Now when I launch all this beauty Jetty crashes with following error

2013-07-11 21:34:01.984:WARN:oejuc.AbstractLifeCycle:main: FAILED SslContextFactory@e45a028(/opt/jetty/etc/keystore,/opt/jetty/etc/keystore): java.security.UnrecoverableKeyException: Cannot recover key
java.security.UnrecoverableKeyException: Cannot recover key
    at sun.security.provider.KeyProtector.recover(KeyProtector.java:328)
    at sun.security.provider.JavaKeyStore.engineGetKey(JavaKeyStore.java:138)
    at sun.security.provider.JavaKeyStore$JKS.engineGetKey(JavaKeyStore.java:55)
    at java.security.KeyStore.getKey(KeyStore.java:792)
    at sun.security.ssl.SunX509KeyManagerImpl.<init>(SunX509KeyManagerImpl.java:131)
    at sun.security.ssl.KeyManagerFactoryImpl$SunX509.engineInit(KeyManagerFactoryImpl.java:68)
    at javax.net.ssl.KeyManagerFactory.init(KeyManagerFactory.java:259)

Which is apparently password mismatch because it expects/passes keypass keypwd from default keystore that comes with Jetty.

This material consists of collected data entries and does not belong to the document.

(* Let $I$ DMUs have nonnegative, nonzero nominal output data $Y\in\mathbb{R}^{M\times I}$ and input data $X\in\mathbb{R}^{N\times I}$ and suppose the maximum allowed amount of box uncertainty is $\nu=\infty$. Then no DMU is incapable; that is, for every DMU $\hat\imath$ there exist $\sigma\ge0$ and perturbations $\Delta,\nabla$ with all entries in $[-\sigma,\sigma]$ and $Y+\Delta\ge0$, $X+\nabla\ge0$ such that the efficiency score of DMU $\hat\imath$ computed from the data $(Y+\Delta,X+\nabla)$ equals $1$.
   Context: Input-oriented BCC DEA: the efficiency score of DMU $k$ with data $(X,Y)$ is $\min\{\theta: Y\lambda\ge y^k,\ X\lambda\le\theta x^k,\ e^T\lambda=1,\ \lambda\ge0\}$, $e$ the all-ones vector. A DMU is capable under box uncertainty with bound $\nu$ if, for some amount $\sigma\in[0,\nu]$, some realisation of the data within the box of size $\sigma$ (every entry within $\sigma$ of its nominal value, data kept nonnegative) makes its efficiency score equal to $1$; it is incapable otherwise. *)

theory Defs
  imports Complex_Main "HOL-Library.Extended_Real"
begin

text \<open>Data matrices are functions on indices: Y m i (m < M outputs), X n i (n < N inputs),
  DMUs i < I.\<close>

definition bcc_feasible ::
  "(nat \<Rightarrow> nat \<Rightarrow> real) \<Rightarrow> (nat \<Rightarrow> nat \<Rightarrow> real) \<Rightarrow> nat \<Rightarrow> nat \<Rightarrow> nat \<Rightarrow> nat \<Rightarrow> real \<Rightarrow> bool" where
  "bcc_feasible X Y N M I k \<theta> \<longleftrightarrow>
     (\<exists>lam::nat \<Rightarrow> real.
        (\<forall>i<I. lam i \<ge> 0) \<and> (\<Sum>i<I. lam i) = 1 \<and>
        (\<forall>m<M. (\<Sum>i<I. Y m i * lam i) \<ge> Y m k) \<and>
        (\<forall>n<N. (\<Sum>i<I. X n i * lam i) \<le> \<theta> * X n k))"

definition bcc_eff ::
  "(nat \<Rightarrow> nat \<Rightarrow> real) \<Rightarrow> (nat \<Rightarrow> nat \<Rightarrow> real) \<Rightarrow> nat \<Rightarrow> nat \<Rightarrow> nat \<Rightarrow> nat \<Rightarrow> real" where
  "bcc_eff X Y N M I k = Inf {\<theta>. bcc_feasible X Y N M I k \<theta>}"

definition capable ::
  "(nat \<Rightarrow> nat \<Rightarrow> real) \<Rightarrow> (nat \<Rightarrow> nat \<Rightarrow> real) \<Rightarrow> nat \<Rightarrow> nat \<Rightarrow> nat \<Rightarrow> ereal \<Rightarrow> nat \<Rightarrow> bool" where
  "capable X Y N M I \<nu> k \<longleftrightarrow>
     (\<exists>\<sigma>::real. 0 \<le> \<sigma> \<and> ereal \<sigma> \<le> \<nu> \<and>
       (\<exists>D E :: nat \<Rightarrow> nat \<Rightarrow> real.
          (\<forall>m<M. \<forall>i<I. \<bar>D m i\<bar> \<le> \<sigma> \<and> Y m i + D m i \<ge> 0) \<and>
          (\<forall>n<N. \<forall>i<I. \<bar>E n i\<bar> \<le> \<sigma> \<and> X n i + E n i \<ge> 0) \<and>
          bcc_eff (\<lambda>n i. X n i + E n i) (\<lambda>m i. Y m i + D m i) N M I k = 1))"

end

theory Submission
  imports Defs
begin

text \<open>Perturb the data so that DMU k becomes the only producer of every output, while every
  input stays positive. A feasible combination must then put weight at least 1 on k, hence
  all its weight, and the input constraint forces \<open>\<theta> \<ge> 1\<close>; \<open>\<theta> = 1\<close> itself is attained by k
  alone. With \<open>\<nu> = \<infinity>\<close> the size of such a perturbation is irrelevant, and the nonzero-data
  hypotheses serve only to guarantee at least one output and one input.\<close>

lemma convex_weights_eq_0_if_ge_1:
  fixes lam :: "nat \<Rightarrow> real"
  assumes "k < I" "\<forall>i<I. lam i \<ge> 0" "(\<Sum>i<I. lam i) = 1" "lam k \<ge> 1" "i < I" "i \<noteq> k"
  shows "lam i = 0"
proof -
  have "(\<Sum>i<I. lam i) = lam k + lam i + (\<Sum>j\<in>{..<I}-{k}-{i}. lam j)"
    using assms(1,5,6) by (simp add: sum.remove[of _ k] sum.remove[of _ i])
  moreover have "(\<Sum>j\<in>{..<I}-{k}-{i}. lam j) \<ge> 0"
    using assms(2) by (intro sum_nonneg) auto
  ultimately show ?thesis
    using assms(2-5) by force
qed

lemma bcc_feasible_1:
  assumes "k < I"
  shows "bcc_feasible X Y N M I k 1"
  unfolding bcc_feasible_def
  by (rule exI[of _ "\<lambda>i. if i = k then 1 else 0"])
    (use assms in \<open>auto simp: if_distrib sum.If_cases\<close>)

lemma bcc_feasible_ge_1_if_sole_producer:
  assumes k: "k < I"
    and m0: "m0 < M" "Y m0 k > 0" "\<forall>i<I. i \<noteq> k \<longrightarrow> Y m0 i = 0"
    and n0: "n0 < N" "X n0 k > 0"
    and feasible: "bcc_feasible X Y N M I k \<theta>"
  shows "\<theta> \<ge> 1"
proof -
  obtain lam where nonneg: "\<forall>i<I. lam i \<ge> 0" and sum_1: "(\<Sum>i<I. lam i) = 1"
    and outputs: "\<forall>m<M. (\<Sum>i<I. Y m i * lam i) \<ge> Y m k"
    and inputs: "\<forall>n<N. (\<Sum>i<I. X n i * lam i) \<le> \<theta> * X n k"
    using feasible unfolding bcc_feasible_def by blast
  have "Y m0 k * 1 \<le> (\<Sum>i<I. Y m0 i * lam i)"
    using outputs m0(1) by simp
  also have "\<dots> = Y m0 k * lam k"
    using k m0(3) by (simp add: sum.remove[of _ k])
  finally have "lam k \<ge> 1"
    using m0(2) by (simp only: mult_le_cancel_left_pos)
  then have unit: "lam i = 0" if "i < I" "i \<noteq> k" for i
    using convex_weights_eq_0_if_ge_1[OF k nonneg sum_1] that by blast
  have "lam k = 1"
    using k unit sum_1 by (simp add: sum.remove[of _ k])
  have "X n0 k * 1 = (\<Sum>i<I. X n0 i * lam i)"
    using k unit \<open>lam k = 1\<close> by (simp add: sum.remove[of _ k])
  also have "\<dots> \<le> X n0 k * \<theta>"
    using inputs n0(1) by (simp add: mult.commute)
  finally show ?thesis
    using n0(2) by (simp only: mult_le_cancel_left_pos)
qed

lemma bcc_eff_eq_1_if_sole_producer:
  assumes "k < I"
    and "m0 < M" "Y m0 k > 0" "\<forall>i<I. i \<noteq> k \<longrightarrow> Y m0 i = 0"
    and "n0 < N" "X n0 k > 0"
  shows "bcc_eff X Y N M I k = 1"
  unfolding bcc_eff_def
proof (rule cInf_eq_minimum)
  show "1 \<in> {\<theta>. bcc_feasible X Y N M I k \<theta>}"
    using bcc_feasible_1[OF assms(1)] by simp
next
  fix \<theta> assume "\<theta> \<in> {\<theta>. bcc_feasible X Y N M I k \<theta>}"
  then show "1 \<le> \<theta>"
    using bcc_feasible_ge_1_if_sole_producer[where X = X and Y = Y, OF assms] by simp
qed

lemma abs_le_double_sum:
  fixes Y :: "nat \<Rightarrow> nat \<Rightarrow> real"
  assumes "m < M" "i < I"
  shows "\<bar>Y m i\<bar> \<le> (\<Sum>m<M. \<Sum>i<I. \<bar>Y m i\<bar>)"
proof -
  have "\<bar>Y m i\<bar> \<le> (\<Sum>i<I. \<bar>Y m i\<bar>)"
    using assms(2) by (intro member_le_sum) auto
  also have "\<dots> \<le> (\<Sum>m<M. \<Sum>i<I. \<bar>Y m i\<bar>)"
    using assms(1) by (intro member_le_sum[where f = "\<lambda>m. \<Sum>i<I. \<bar>Y m i\<bar>"]) (auto intro: sum_nonneg)
  finally show ?thesis .
qed

theorem theorem2:
  fixes X Y :: "nat \<Rightarrow> nat \<Rightarrow> real" and N M I :: nat
  assumes Ynn: "\<forall>m<M. \<forall>i<I. Y m i \<ge> 0"
    and Xnn: "\<forall>n<N. \<forall>i<I. X n i \<ge> 0"
    and Ynz: "\<exists>m<M. \<exists>i<I. Y m i \<noteq> 0"
    and Xnz: "\<exists>n<N. \<exists>i<I. X n i \<noteq> 0"
  shows "\<forall>k<I. capable X Y N M I \<infinity> k"
proof (intro allI impI)
  fix k assume k: "k < I"
  obtain m0 n0 where "m0 < M" "n0 < N"
    using Ynz Xnz by blast
  define \<sigma> where "\<sigma> = 1 + (\<Sum>m<M. \<Sum>i<I. \<bar>Y m i\<bar>)"
  define D where "D m i = (if i = k then 1 else - Y m i)" for m i
  define E :: "nat \<Rightarrow> nat \<Rightarrow> real" where "E n i = 1" for n i
  have "\<sigma> \<ge> 1"
    unfolding \<sigma>_def by (simp add: sum_nonneg)
  moreover have "\<forall>m<M. \<forall>i<I. \<bar>D m i\<bar> \<le> \<sigma> \<and> Y m i + D m i \<ge> 0"
  proof (intro allI impI conjI)
    fix m i assume "m < M" "i < I"
    then show "\<bar>D m i\<bar> \<le> \<sigma>"
      using abs_le_double_sum[of m M i I Y] \<open>\<sigma> \<ge> 1\<close> unfolding D_def \<sigma>_def by simp
    show "Y m i + D m i \<ge> 0"
      using Ynn \<open>m < M\<close> \<open>i < I\<close> by (simp add: D_def)
  qed
  moreover have "\<forall>n<N. \<forall>i<I. \<bar>E n i\<bar> \<le> \<sigma> \<and> X n i + E n i \<ge> 0"
    using Xnn \<open>\<sigma> \<ge> 1\<close> by (auto simp: E_def)
  moreover have "bcc_eff (\<lambda>n i. X n i + E n i) (\<lambda>m i. Y m i + D m i) N M I k = 1"
    using \<open>m0 < M\<close> \<open>n0 < N\<close> k Ynn Xnn
    by (intro bcc_eff_eq_1_if_sole_producer) (auto simp: D_def E_def add_nonneg_pos)
  ultimately show "capable X Y N M I \<infinity> k"
    unfolding capable_def by (intro exI[of _ \<sigma>]) auto
qed

end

Here is my certicifates(s): http://pastebin.com/raw.php?i=p8LhT50P It's output from keytool -list -keystore /opt/jetty/etc/keystore -storepass storepwd -storetype JKS -v

Where is it set? How can I fix this error?

Thanks!

Answer 1

There are two passwords involved: the keystore password (KeyStorePassword) and the key password (KeyManagerPassword). For PKCS#12 store, they are the same.

Since you've imported the key from the PKCS#12 store into the JKS store using the keystore's password, that doesn't mean that the password of the key itself was changed, and it's probably not "keypwd" (Jetty's default). Try to replace the value of KeyManagerPassword with your PKCS#12 store's password.

(Note that in general, you don't need to convert the keystore, you could have used PKCS12 as the KeyStoreType.)